During the day we added sea kelp to her food to stimulate her to eat which worked as well.

My other dog eats anytime of the day and rarely vomits so go figure. He's an emotion eater and eats when he gets excited.

Because of this we did notice she does poo twice a day especially if see's eaten in the evening and morning. If she hasn't eaten in the morning then it's once a day.

Each dog is unique and you really need to pay attention to his habits and especially the treats/food you given them. Stay away from filler and look at the ingredients.

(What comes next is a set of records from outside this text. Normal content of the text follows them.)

(* For all $a_0,a_1,a_2,a_3\in\mathcal{A}(\mathbb{CP}^1_q)$, $$\int_h a_0\,(\partial a_1\,\bar\partial a_2)\,a_3=\int_h \sigma(a_3)\,a_0\,\partial a_1\,\bar\partial a_2 .$$
   Context: Fix $0<q<1$. Let $\mathcal{A}(SU_q(2))$ be the unital complex $*$-algebra generated by $a,c$ subject to $ac=qca$, $ac^*=qc^*a$, $cc^*=c^*c$, $a^*a+c^*c=aa^*+q^2cc^*=1$, a Hopf $*$-algebra with $\Delta a=a\otimes a-qc^*\otimes c$, $\Delta c=c\otimes a+a^*\otimes c$. Let $U_q(su(2))$ be the Hopf algebra generated by $K,K^{-1},E,F$ with $KK^{-1}=K^{-1}K=1$, $KE=qEK$, $KF=q^{-1}FK$, $EF-FE=(K^2-K^{-2})/(q-q^{-1})$, $\Delta K=K\otimes K$, $\Delta E=E\otimes K+K^{-1}\otimes E$, $\Delta F=F\otimes K+K^{-1}\otimes F$, $\epsilon(K)=1,\epsilon(E)=\epsilon(F)=0$, acting on $\mathcal{A}(SU_q(2))$ as a left module algebra with $K\triangleright a=q^{-1/2}a$, $K\triangleright c=q^{-1/2}c$, $K\triangleright a^*=q^{1/2}a^*$, $K\triangleright c^*=q^{1/2}c^*$, $E\triangleright a=-qc^*$, $E\triangleright c=a^*$, $E\triangleright a^*=E\triangleright c^*=0$, $F\triangleright a=F\triangleright c=0$, $F\triangleright a^*=c$, $F\triangleright c^*=-q^{-1}a$. Put $X_-=q^{-1/2}FK$, $X_+=q^{1/2}EK$. Let $\mathcal{L}_k=\{x:K\triangleright x=q^{k/2}x\}$ and $\mathcal{A}(\mathbb{CP}^1_q):=\mathcal{L}_0$. Forms: $\Omega^1(SU_q(2))$ is the bimodule free as a left module on $\omega_+,\omega_-,\omega_z$ with $\omega_\pm x=q^kx\omega_\pm$, $\omega_zx=q^{2k}x\omega_z$ for $x\in\mathcal{L}_k$; products of 1-forms are taken in the exterior algebra where $\omega_\pm\wedge\omega_\pm=0$ and $\omega_+\wedge\omega_-=-q^2\omega_-\wedge\omega_+$. For $f\in\mathcal{A}(\mathbb{CP}^1_q)$: $\partial f=(X_+\triangleright f)\omega_+$, $\bar\partial f=(X_-\triangleright f)\omega_-$. $\Omega^2(\mathbb{CP}^1_q):=\mathcal{A}(\mathbb{CP}^1_q)\,\omega_-\wedge\omega_+$. Let $h$ be the Haar state: the linear functional on $\mathcal{A}(SU_q(2))$ with $h(1)=1$ and $(\mathrm{id}\otimes h)\Delta(x)=h(x)1$ (faithful and positive). Its modular automorphism $\sigma$ is the unique algebra automorphism of $\mathcal{A}(SU_q(2))$ with $h(xy)=h(\sigma(y)x)$ for all $x,y$; it maps $\mathcal{A}(\mathbb{CP}^1_q)$ to itself. Define $\int_h:\Omega^2(\mathbb{CP}^1_q)\to\mathbb{C}$ by $\int_h x\,\omega_-\wedge\omega_+=h(x)$. *)

theory Defs
  imports Complex_Main "HOL-Library.Poly_Mapping" "HOL-Library.Product_Plus"
begin

datatype gen = GA | GAst | GC | GCst

datatype word = Word "gen list"

instantiation word :: monoid_add
begin
definition zero_word :: word where "zero_word = Word []"
fun plus_word :: "word \<Rightarrow> word \<Rightarrow> word" where
  "plus_word (Word u) (Word v) = Word (u @ v)"
instance
proof
  fix a b c :: word
  show "a + b + c = a + (b + c)" by (cases a; cases b; cases c) simp
  show "0 + a = a" by (cases a) (simp add: zero_word_def)
  show "a + 0 = a" by (cases a) (simp add: zero_word_def)
qed
end

text \<open>Free unital complex algebra C<a,a*,c,c*>: finitely supported functions on words,
  product = concatenation convolution.\<close>
type_synonym falg = "word \<Rightarrow>\<^sub>0 complex"

text \<open>Algebraic tensor product of two copies of the free algebra.\<close>
type_synonym ftens = "(word \<times> word) \<Rightarrow>\<^sub>0 complex"

definition sc :: "complex \<Rightarrow> falg" where "sc c = Poly_Mapping.single 0 c"
definition gen :: "gen \<Rightarrow> falg" where "gen g = Poly_Mapping.single (Word [g]) 1"
definition basis :: "word \<Rightarrow> falg" where "basis w = Poly_Mapping.single w 1"

abbreviation "ea \<equiv> gen GA"
abbreviation "east \<equiv> gen GAst"
abbreviation "ec \<equiv> gen GC"
abbreviation "ecst \<equiv> gen GCst"

text \<open>Defining relations of the *-algebra A(SU_q(2)) (with their adjoints).\<close>
definition relations :: "real \<Rightarrow> falg set" where
  "relations q = {
     ea * ec - sc q * (ec * ea),
     ea * ecst - sc q * (ecst * ea),
     ec * ecst - ecst * ec,
     east * ea + ecst * ec - 1,
     ea * east + sc (q^2) * (ec * ecst) - 1,
     ecst * east - sc q * (east * ecst),
     ec * east - sc q * (east * ec) }"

The yellow/white foam that come out is called bile and many doctors will say it's okay and normal. Try feeding them later in the day so their stomach is partially or fully full.

If it still continues after eating later then see a Dr.

Good luck.
Newbie
Sep 17, 2017
15 posts
3 upvotes
It could be the start of some GI bloat. Get it checked out sooner then later. Read up on how to reduce risk of bloat in dogs. No elevated bowls, smaller meals, avoid or reduce kibble, no exercise before or after meal. 30 min at least.